Personal information
- Nationality: Norwegian
- Born: Odd Harald Lundberg 3 October 1917 Brandbu, Norway
- Died: 7 March 1983 (aged 65) Oslo, Norway

Sport
- Country: Norway
- Sport: Speed skating
- Club: Brandbu IF (1931–32) Jaren IF (1932/33–1937/38) Brandbu IF (1938/39–1940/41) Oslo IL (1941-42–1955-56) Oslo SK (1956/57–1959/60) Oslo IL (1960/61–1969/70)

Achievements and titles
- Personal best(s): 500 m: 43.4 (1949) 1000 m: 1:32.3 (1949) 1500 m: 2:18.2 (1949) 3000 m: 4:50.0 (1958) 5000 m: 8:14.5 (1958) 10 000 m: 17:10.5 (1958)

Medal record
Representing Norway
Olympic Games
| Silver medal – second place | 1948 St. Moritz | 5,000 m |
| Bronze medal – third place | 1948 St. Moritz | 1,500 m |

= Odd Lundberg =

Norwegian speed skater

Odd Harald Lundberg (3 October 1917 – 7 March 1983) was a speed skater from Norway.

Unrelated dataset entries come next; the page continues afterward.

lemma G_eta_ge_linearization:
  assumes "\<eta> > 0"
  shows "G_eta \<eta> C P + (Q - P) \<bullet> M_grad \<eta> C P \<le> G_eta \<eta> C Q"
proof -
  define s where "s l = P \<bullet> C l / \<eta>" for l
  define h where "h l = (Q - P) \<bullet> C l / \<eta>" for l
  have "G_eta \<eta> C P + (Q - P) \<bullet> M_grad \<eta> C P
      = \<eta> * (ln (\<Sum>l\<in>UNIV. exp (s l)) + (\<Sum>l\<in>UNIV. exp (s l) / (\<Sum>k\<in>UNIV. exp (s k)) * h l))"
    using assms
    by (simp add: G_eta_def frob_eq_inner inner_M_grad alpha_w_def s_def h_def distrib_left sum_distrib_left)
  also have "\<dots> \<le> \<eta> * ln (\<Sum>l\<in>UNIV. exp (s l + h l))"
    using assms by (intro mult_left_mono ln_sum_exp_ge_linearization) auto
  also have "\<dots> = G_eta \<eta> C Q"
    by (simp add: G_eta_def frob_eq_inner s_def h_def inner_diff_left diff_divide_distrib)
  finally show ?thesis .
qed

definition curvature_quotient ::
  "real \<Rightarrow> ('l::finite \<Rightarrow> real^'m::finite^'n::finite) \<Rightarrow> real^'m^'n \<Rightarrow> real^'m^'n \<Rightarrow> real \<Rightarrow> real"
  where "curvature_quotient \<eta> C P Q \<gamma> =
    2 / \<gamma>\<^sup>2 * (G_eta \<eta> C (P + \<gamma> *\<^sub>R (Q - P)) - G_eta \<eta> C P - \<gamma> * ((Q - P) \<bullet> M_grad \<eta> C P))"

lemma curvature_const_eq_SUP:
  "curvature_const \<eta> C D =
    (SUP (P, Q, \<gamma>) \<in> {(P, Q, \<gamma>). P \<in> D \<and> Q \<in> D \<and> 0 < \<gamma> \<and> \<gamma> \<le> 1}. curvature_quotient \<eta> C P Q \<gamma>)"
  by (simp add: curvature_const_def curvature_quotient_def frob_eq_inner)

lemma curvature_quotient_le_diameter:
  assumes "\<eta> > 0" "\<gamma> > 0" "bounded D" "P \<in> D" "Q \<in> D"
  shows "curvature_quotient \<eta> C P Q \<gamma>
    \<le> max_eigenvalue (transpose (Phi_mat C) ** Phi_mat C) * (diameter D)\<^sup>2 / \<eta>"
proof -
  define \<sigma> where "\<sigma> = max_eigenvalue (transpose (Phi_mat C) ** Phi_mat C)"
  have "(\<Sum>l\<in>UNIV. ((\<gamma> *\<^sub>R (Q - P)) \<bullet> C l)\<^sup>2) = \<gamma>\<^sup>2 * (\<Sum>l\<in>UNIV. ((Q - P) \<bullet> C l)\<^sup>2)"
    by (simp add: power_mult_distrib sum_distrib_left)
  also have "\<dots> \<le> \<gamma>\<^sup>2 * (\<sigma> * (norm (Q - P))\<^sup>2)"
    using sum_inner_square_le_max_eigenvalue[of "Q - P" C]
    by (intro mult_left_mono) (simp_all add: \<sigma>_def power2_norm_eq_inner)
  also have "\<dots> \<le> \<gamma>\<^sup>2 * (\<sigma> * (diameter D)\<^sup>2)"
    using diameter_bounded_bound[OF assms(3,5,4)] max_eigenvalue_gram_nonneg[of "Phi_mat C"]
    by (intro mult_left_mono power_mono) (auto simp: \<sigma>_def dist_norm)
  finally have "(\<Sum>l\<in>UNIV. ((\<gamma> *\<^sub>R (Q - P)) \<bullet> C l)\<^sup>2) / (2 * \<eta>) \<le> \<gamma>\<^sup>2 * (\<sigma> * (diameter D)\<^sup>2) / (2 * \<eta>)"
    using assms(1) by (intro divide_right_mono) auto
  then have "G_eta \<eta> C (P + \<gamma> *\<^sub>R (Q - P)) - G_eta \<eta> C P - \<gamma> * ((Q - P) \<bullet> M_grad \<eta> C P)
      \<le> \<gamma>\<^sup>2 * (\<sigma> * (diameter D)\<^sup>2) / (2 * \<eta>)"
    using G_eta_le_quadratic[OF assms(1), of C P "\<gamma> *\<^sub>R (Q - P)"] by simp
  then have "curvature_quotient \<eta> C P Q \<gamma> \<le> 2 / \<gamma>\<^sup>2 * (\<gamma>\<^sup>2 * (\<sigma> * (diameter D)\<^sup>2) / (2 * \<eta>))"
    unfolding curvature_quotient_def by (intro mult_left_mono) auto
  then show ?thesis
    using assms(1,2) by (simp add: \<sigma>_def)
qed

lemma bdd_above_curvature_quotients:
  assumes "\<eta> > 0" "bounded D"
  shows "bdd_above ((\<lambda>(P, Q, \<gamma>). curvature_quotient \<eta> C P Q \<gamma>)
    ` {(P, Q, \<gamma>). P \<in> D \<and> Q \<in> D \<and> 0 < \<gamma> \<and> \<gamma> \<le> 1})"
  using curvature_quotient_le_diameter[OF assms(1) _ assms(2)] by (intro bdd_aboveI2) auto

lemma curvature_const_le_diameter:
  assumes "\<eta> > 0" "bounded D" "D \<noteq> {}"
  shows "curvature_const \<eta> C D
    \<le> max_eigenvalue (transpose (Phi_mat C) ** Phi_mat C) * (diameter D)\<^sup>2 / \<eta>"
  unfolding curvature_const_eq_SUP
  using assms(3) curvature_quotient_le_diameter[OF assms(1) _ assms(2)]
  by (intro cSUP_least) (auto intro!: exI[of _ 1])

lemma G_eta_le_curvature_const:
  assumes "\<eta> > 0" "bounded D" "P \<in> D" "Q \<in> D" "0 < \<gamma>" "\<gamma> \<le> 1"
  shows "G_eta \<eta> C (P + \<gamma> *\<^sub>R (Q - P))
    \<le> G_eta \<eta> C P + \<gamma> * ((Q - P) \<bullet> M_grad \<eta> C P) + \<gamma>\<^sup>2 / 2 * curvature_const \<eta> C D"
proof -
  have "curvature_quotient \<eta> C P Q \<gamma> \<le> curvature_const \<eta> C D"
    unfolding curvature_const_eq_SUP using assms
    by (intro cSUP_upper2[OF bdd_above_curvature_quotients[OF assms(1,2)], of "(P, Q, \<gamma>)"]) auto
  then show ?thesis
    using assms(5) unfolding curvature_quotient_def by (simp add: field_simps)
qed

lemma transport_polytope_entry_le_1:
  assumes "P \<in> transport_polytope a b" "(\<Sum>i\<in>UNIV. a $ i) = 1"
  shows "P $ i $ j \<le> 1"
proof -
  have nonneg: "0 \<le> P $ i $ j" for i j
    using assms(1) by (simp add: transport_polytope_def)
  have "P $ i $ j \<le> (\<Sum>j\<in>UNIV. P $ i $ j)"
    using nonneg by (intro member_le_sum) auto
  also have "\<dots> \<le> (\<Sum>i\<in>UNIV. \<Sum>j\<in>UNIV. P $ i $ j)"
    using nonneg by (intro member_le_sum[of _ _ "\<lambda>i. \<Sum>j\<in>UNIV. P $ i $ j"] sum_nonneg) auto
  also have "\<dots> = 1"
    using assms by (simp add: transport_polytope_def)
  finally show ?thesis .
qed

lemma transport_polytope_inner_self_le_1:
  assumes "P \<in> transport_polytope a b" "(\<Sum>i\<in>UNIV. a $ i) = 1"
  shows "P \<bullet> P \<le> 1"
proof -
  have "P \<bullet> P \<le> (\<Sum>i\<in>UNIV. \<Sum>j\<in>UNIV. P $ i $ j)"
    unfolding inner_vec_def inner_real_def
    using assms(1) transport_polytope_entry_le_1[OF assms]
    by (intro sum_mono mult_left_le) (auto simp: transport_polytope_def)
  also have "\<dots> = 1"
    using assms by (simp add: transport_polytope_def)
  finally show ?thesis .
qed

lemma transport_polytope_inner_nonneg:
  assumes "P \<in> transport_polytope a b" "Q \<in> transport_polytope a b"
  shows "0 \<le> P \<bullet> Q"
  using assms unfolding inner_vec_def inner_real_def transport_polytope_def
  by (auto intro!: sum_nonneg)

lemma convex_transport_polytope: "convex (transport_polytope a b)"
  unfolding convex_def transport_polytope_def
  by (auto simp: sum.distrib sum_distrib_left[symmetric] simp flip: distrib_left distrib_right)

lemma bounded_transport_polytope:
  assumes "(\<Sum>i\<in>UNIV. a $ i) = 1"
  shows "bounded (transport_polytope a b)"
  unfolding bounded_iff
  using transport_polytope_inner_self_le_1[OF _ assms]
  by (metis norm_eq_sqrt_inner real_sqrt_le_1_iff)

lemma diameter_transport_polytope_le:
  assumes "(\<Sum>i\<in>UNIV. a $ i) = 1"
  shows "(diameter (transport_polytope a b))\<^sup>2 \<le> 2"
proof -
  have "norm (P - Q) \<le> sqrt 2"
    if "P \<in> transport_polytope a b" "Q \<in> transport_polytope a b" for P Q
  proof (rule real_le_rsqrt)
    have "(norm (P - Q))\<^sup>2 = P \<bullet> P + Q \<bullet> Q - 2 * (P \<bullet> Q)"
      by (simp add: power2_norm_eq_inner inner_diff_left inner_diff_right inner_commute)
    then show "(norm (P - Q))\<^sup>2 \<le> 2"
      using that transport_polytope_inner_self_le_1[OF _ assms] transport_polytope_inner_nonneg
      by (smt (verit))
  qed
  then have "diameter (transport_polytope a b) \<le> sqrt 2"
    by (intro diameter_le) auto
  moreover have "0 \<le> diameter (transport_polytope a b)"
    by (rule diameter_ge_0[OF bounded_transport_polytope[OF assms]])
  ultimately show ?thesis
    by (metis power_mono real_sqrt_pow2 zero_le_numeral)
qed

lemma curvature_const_transport_polytope_le:
  assumes "\<eta> > 0" "(\<Sum>i\<in>UNIV. a $ i) = 1" "transport_polytope a b \<noteq> {}"
  shows "curvature_const \<eta> C (transport_polytope a b)
    \<le> 2 * max_eigenvalue (transpose (Phi_mat C) ** Phi_mat C) / \<eta>"
proof -
  have "curvature_const \<eta> C (transport_polytope a b)
      \<le> max_eigenvalue (transpose (Phi_mat C) ** Phi_mat C) * (diameter (transport_polytope a b))\<^sup>2 / \<eta>"
    using curvature_const_le_diameter[OF assms(1) bounded_transport_polytope[OF assms(2)] assms(3)] .
  also have "\<dots> \<le> max_eigenvalue (transpose (Phi_mat C) ** Phi_mat C) * 2 / \<eta>"
    using diameter_transport_polytope_le[OF assms(2)] max_eigenvalue_gram_nonneg assms(1)
    by (intro divide_right_mono mult_left_mono) auto
  finally show ?thesis by (simp add: mult.commute)
qed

Lundberg became World Allround Champion in Helsinki in 1948, finished third in Oslo in 1949, and second in Eskilstuna in 1950. He also won a competition in Bislett, Oslo in 1946, which was announced as unofficial World Championships. At the 1948 Winter Olympics of St. Moritz, he won silver on the 5,000 m, bronze on the 1,500 m, and finished in seventh place on the 10,000 m.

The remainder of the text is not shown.